:: Exercise inputs ::
--- START ---
definition approx_by :: "'x set \<Rightarrow> ('x \<Rightarrow> real) set \<Rightarrow> ('x \<Rightarrow> real) \<Rightarrow> bool" where
  "approx_by S M p \<longleftrightarrow> (\<forall>\<epsilon>>0. \<exists>q\<in>M. \<forall>x\<in>S. \<bar>p x - q x\<bar> < \<epsilon>)"

end

theory Submission
  imports Defs
begin

text \<open>
  Let l < k be a coordinate with the largest X l among the first k, and I = {..<k} - {l}.
  The hypothesis says exactly that the hidden layer has at least as many sufficient statistics
  as there are assignments v of the coordinates in I, so every v gets its own statistic \<sigma> v.
  A distribution p of the partition model depends only on the coordinates in I and on x l.
  For large T, the column of \<Theta> belonging to \<sigma> v is chosen as
  ln (max (p (v, x l)) (exp (- T))) minus a multiple of T times the number of i \<in> I with
  x i \<noteq> v i. This is a sum of functions of single coordinates, hence a linear combination of
  the visible statistics. For each visible x, the hidden state switching on \<sigma> applied to the
  restriction of x to I then has energy close to ln (p x), and every other hidden state has
  energy at most - T. So the unnormalized visible marginal is within
  (1 + number of hidden states) * exp (- T) of p, and normalizing preserves the approximation.
\<close>

section \<open>Sufficient statistics\<close>

lemma sum_suff_stat:
  assumes "\<And>i. i < r \<Longrightarrow> finite (Z i)" and "z \<in> PiE {..<r} Z"
  shows "(\<Sum>s\<in>stat_index Z z0 r. suff_stat z s * w s)
         = w None + (\<Sum>i<r. if z i \<noteq> z0 i then w (Some (i, z i)) else 0)"
proof -
  have Sigma: "{(i, a). i < r \<and> a \<in> Z i \<and> a \<noteq> z0 i} = Sigma {..<r} (\<lambda>i. Z i - {z0 i})"
    by auto
  have "finite (Sigma {..<r} (\<lambda>i. Z i - {z0 i}))"
    using assms(1) by auto
  then have "(\<Sum>s\<in>stat_index Z z0 r. suff_stat z s * w s)
        = w None + (\<Sum>(i, a)\<in>Sigma {..<r} (\<lambda>i. Z i - {z0 i}). suff_stat z (Some (i, a)) * w (Some (i, a)))"
    unfolding stat_index_def Sigma
    by (simp add: sum.reindex suff_stat_def case_prod_unfold)
  also have "\<dots> = w None + (\<Sum>i<r. \<Sum>a\<in>Z i - {z0 i}. if z i = a then w (Some (i, a)) else 0)"
    using assms(1) by (subst sum.Sigma) (auto simp: suff_stat_def intro!: sum.cong split: if_split_asm)
  also have "\<dots> = w None + (\<Sum>i<r. if z i \<noteq> z0 i then w (Some (i, z i)) else 0)"
    using assms by (intro arg_cong2[where f = "(+)"] sum.cong) (auto simp: PiE_iff)
  finally show ?thesis .
qed

lemma card_stat_index:
  assumes "\<And>j. j < m \<Longrightarrow> finite (Y j)" and "\<And>j. j < m \<Longrightarrow> y0 j \<in> Y j"
  shows "finite (stat_index Y y0 m)"
    and "real (card (stat_index Y y0 m)) = 1 + (\<Sum>j<m. (real (card (Y j)) - 1))"
proof -
  have Sigma: "{(j, b). j < m \<and> b \<in> Y j \<and> b \<noteq> y0 j} = Sigma {..<m} (\<lambda>j. Y j - {y0 j})"
    by auto
  show "finite (stat_index Y y0 m)"
    unfolding stat_index_def Sigma using assms(1) by auto
  have "card (stat_index Y y0 m) = Suc (card (Sigma {..<m} (\<lambda>j. Y j - {y0 j})))"
    unfolding stat_index_def Sigma using assms(1) by (subst card_insert_disjoint) (auto simp: card_image)
  also have "card (Sigma {..<m} (\<lambda>j. Y j - {y0 j})) = (\<Sum>j<m. card (Y j - {y0 j}))"
    using assms(1) by (subst card_SigmaI) auto
  finally have "card (stat_index Y y0 m) = Suc (\<Sum>j<m. card (Y j - {y0 j}))" .
  moreover have "real (card (Y j - {y0 j})) = real (card (Y j)) - 1" if "j < m" for j
  proof -
    have "1 \<le> card (Y j)"
      using assms that by (auto simp: Suc_le_eq card_gt_0_iff)
    then show ?thesis
      using assms that by (simp add: of_nat_diff)
  qed
  ultimately show "real (card (stat_index Y y0 m)) = 1 + (\<Sum>j<m. (real (card (Y j)) - 1))"
    by simp
qed

definition coord_additive :: "nat \<Rightarrow> (nat \<Rightarrow> 'a set) \<Rightarrow> ((nat \<Rightarrow> 'a) \<Rightarrow> real) \<Rightarrow> bool" where
  "coord_additive n X \<phi> \<longleftrightarrow> (\<exists>c h. \<forall>x\<in>PiE {..<n} X. \<phi> x = c + (\<Sum>i<n. h i (x i)))"

lemma coord_additive_const: "coord_additive n X (\<lambda>x. c)"
  unfolding coord_additive_def by (intro exI[of _ c] exI[of _ "\<lambda>i a. 0"]) simp

lemma coord_additive_sum:
  assumes "I \<subseteq> {..<n}"
  shows "coord_additive n X (\<lambda>x. \<Sum>i\<in>I. g i (x i))"
proof -
  have "(\<Sum>i\<in>I. g i (x i)) = (\<Sum>i<n. if i \<in> I then g i (x i) else 0)" for x
    using assms by (simp add: sum.inter_restrict[symmetric] Int_absorb1)
  then show ?thesis
    unfolding coord_additive_def by (intro exI[of _ 0] exI[of _ "\<lambda>i a. if i \<in> I then g i a else 0"]) simp
qed

lemma coord_additive_coord: "l < n \<Longrightarrow> coord_additive n X (\<lambda>x. g (x l))"
  using coord_additive_sum[of "{l}" n X "\<lambda>i. g"] by simp

lemma coord_additive_diff:
  assumes "coord_additive n X \<phi>" and "coord_additive n X \<psi>"
  shows "coord_additive n X (\<lambda>x. \<phi> x - \<psi> x)"
proof -
  obtain c h d g where "\<forall>x\<in>PiE {..<n} X. \<phi> x = c + (\<Sum>i<n. h i (x i))"
    and "\<forall>x\<in>PiE {..<n} X. \<psi> x = d + (\<Sum>i<n. g i (x i))"
    using assms unfolding coord_additive_def by blast
  then show ?thesis
    unfolding coord_additive_def
    by (intro exI[of _ "c - d"] exI[of _ "\<lambda>i a. h i a - g i a"]) (simp add: sum_subtractf)
qed

lemma coord_additive_imp_stat_combination:
  assumes "\<And>i. i < n \<Longrightarrow> finite (X i)" and "coord_additive n X \<phi>"
  obtains w where "\<And>x. x \<in> PiE {..<n} X \<Longrightarrow> (\<Sum>s\<in>stat_index X x0 n. suff_stat x s * w s) = \<phi> x"
proof -
  obtain c h where \<phi>: "\<forall>x\<in>PiE {..<n} X. \<phi> x = c + (\<Sum>i<n. h i (x i))"
    using assms(2) unfolding coord_additive_def by blast
  define w where "w s = (case s of None \<Rightarrow> c + (\<Sum>i<n. h i (x0 i)) | Some (i, a) \<Rightarrow> h i a - h i (x0 i))"
    for s
  have "(\<Sum>s\<in>stat_index X x0 n. suff_stat x s * w s) = \<phi> x" if x: "x \<in> PiE {..<n} X" for x
  proof -
    have "(\<Sum>i<n. if x i \<noteq> x0 i then w (Some (i, x i)) else 0) = (\<Sum>i<n. h i (x i) - h i (x0 i))"
      by (rule sum.cong) (auto simp: w_def)
    moreover have "w None = c + (\<Sum>i<n. h i (x0 i))"
      by (simp add: w_def)
    ultimately show ?thesis
      using \<phi> x by (simp add: sum_suff_stat[OF assms(1) x] sum_subtractf)
  qed
  then show ?thesis by (rule that)
qed

section \<open>Energies of hidden states\<close>

text \<open>hidden_energy y0 m \<theta> y is F^Y(y)^T \<theta> (see sum_suff_stat).\<close>
definition hidden_energy ::
  "(nat \<Rightarrow> 'b) \<Rightarrow> nat \<Rightarrow> ((nat \<times> 'b) option \<Rightarrow> real) \<Rightarrow> (nat \<Rightarrow> 'b) \<Rightarrow> real" where
  "hidden_energy y0 m \<theta> y = \<theta> None + (\<Sum>j<m. if y j \<noteq> y0 j then \<theta> (Some (j, y j)) else 0)"

lemma rbm_energy_from_columns:
  assumes "\<And>i. i < n \<Longrightarrow> finite (X i)" and "\<And>j. j < m \<Longrightarrow> finite (Y j)"
    and "\<And>t. coord_additive n X (\<theta> t)"
  obtains \<Theta> where "\<And>x y. x \<in> PiE {..<n} X \<Longrightarrow> y \<in> PiE {..<m} Y \<Longrightarrow>
      rbm_energy X x0 n Y y0 m \<Theta> x y = hidden_energy y0 m (\<lambda>t. \<theta> t x) y"
proof -
  have "\<forall>t. \<exists>w. \<forall>x\<in>PiE {..<n} X. (\<Sum>s\<in>stat_index X x0 n. suff_stat x s * w s) = \<theta> t x"
    using coord_additive_imp_stat_combination[OF assms(1,3)] by metis
  then obtain W where W: "\<And>t x. x \<in> PiE {..<n} X \<Longrightarrow>
      (\<Sum>s\<in>stat_index X x0 n. suff_stat x s * W t s) = \<theta> t x"
    by metis
  have "rbm_energy X x0 n Y y0 m (\<lambda>s t. W t s) x y = hidden_energy y0 m (\<lambda>t. \<theta> t x) y"
    if x: "x \<in> PiE {..<n} X" and y: "y \<in> PiE {..<m} Y" for x y
  proof -
    have "rbm_energy X x0 n Y y0 m (\<lambda>s t. W t s) x y
        = (\<Sum>t\<in>stat_index Y y0 m. suff_stat y t * (\<Sum>s\<in>stat_index X x0 n. suff_stat x s * W t s))"
      unfolding rbm_energy_def
      by (subst sum.swap) (simp add: sum_distrib_left mult.commute mult.left_commute)
    then show ?thesis
      by (simp add: W[OF x] sum_suff_stat[OF assms(2) y] hidden_energy_def)
  qed
  then show ?thesis by (rule that)
qed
--- END ---
:: Instructions for the task ::
All lines of the records above that contain the word "Longrightarrow" are to be copied out.

:: Answer space ::
  assumes "\<And>i. i < r \<Longrightarrow> finite (Z i)" and "z \<in> PiE {..<r} Z"
  assumes "\<And>j. j < m \<Longrightarrow> finite (Y j)" and "\<And>j. j < m \<Longrightarrow> y0 j \<in> Y j"
lemma coord_additive_coord: "l < n \<Longrightarrow> coord_additive n X (\<lambda>x. g (x l))"
  assumes "\<And>i. i < n \<Longrightarrow> finite (X i)" and "coord_additive n X \<phi>"
  obtains w where "\<And>x. x \<in> PiE {..<n} X \<Longrightarrow> (\<Sum>s\<in>stat_index X x0 n. suff_stat x s * w s) = \<phi> x"
  assumes "\<And>i. i < n \<Longrightarrow> finite (X i)" and "\<And>j. j < m \<Longrightarrow> finite (Y j)"
  obtains \<Theta> where "\<And>x y. x \<in> PiE {..<n} X \<Longrightarrow> y \<in> PiE {..<m} Y \<Longrightarrow>
  then obtain W where W: "\<And>t x. x \<in> PiE {..<n} X \<Longrightarrow>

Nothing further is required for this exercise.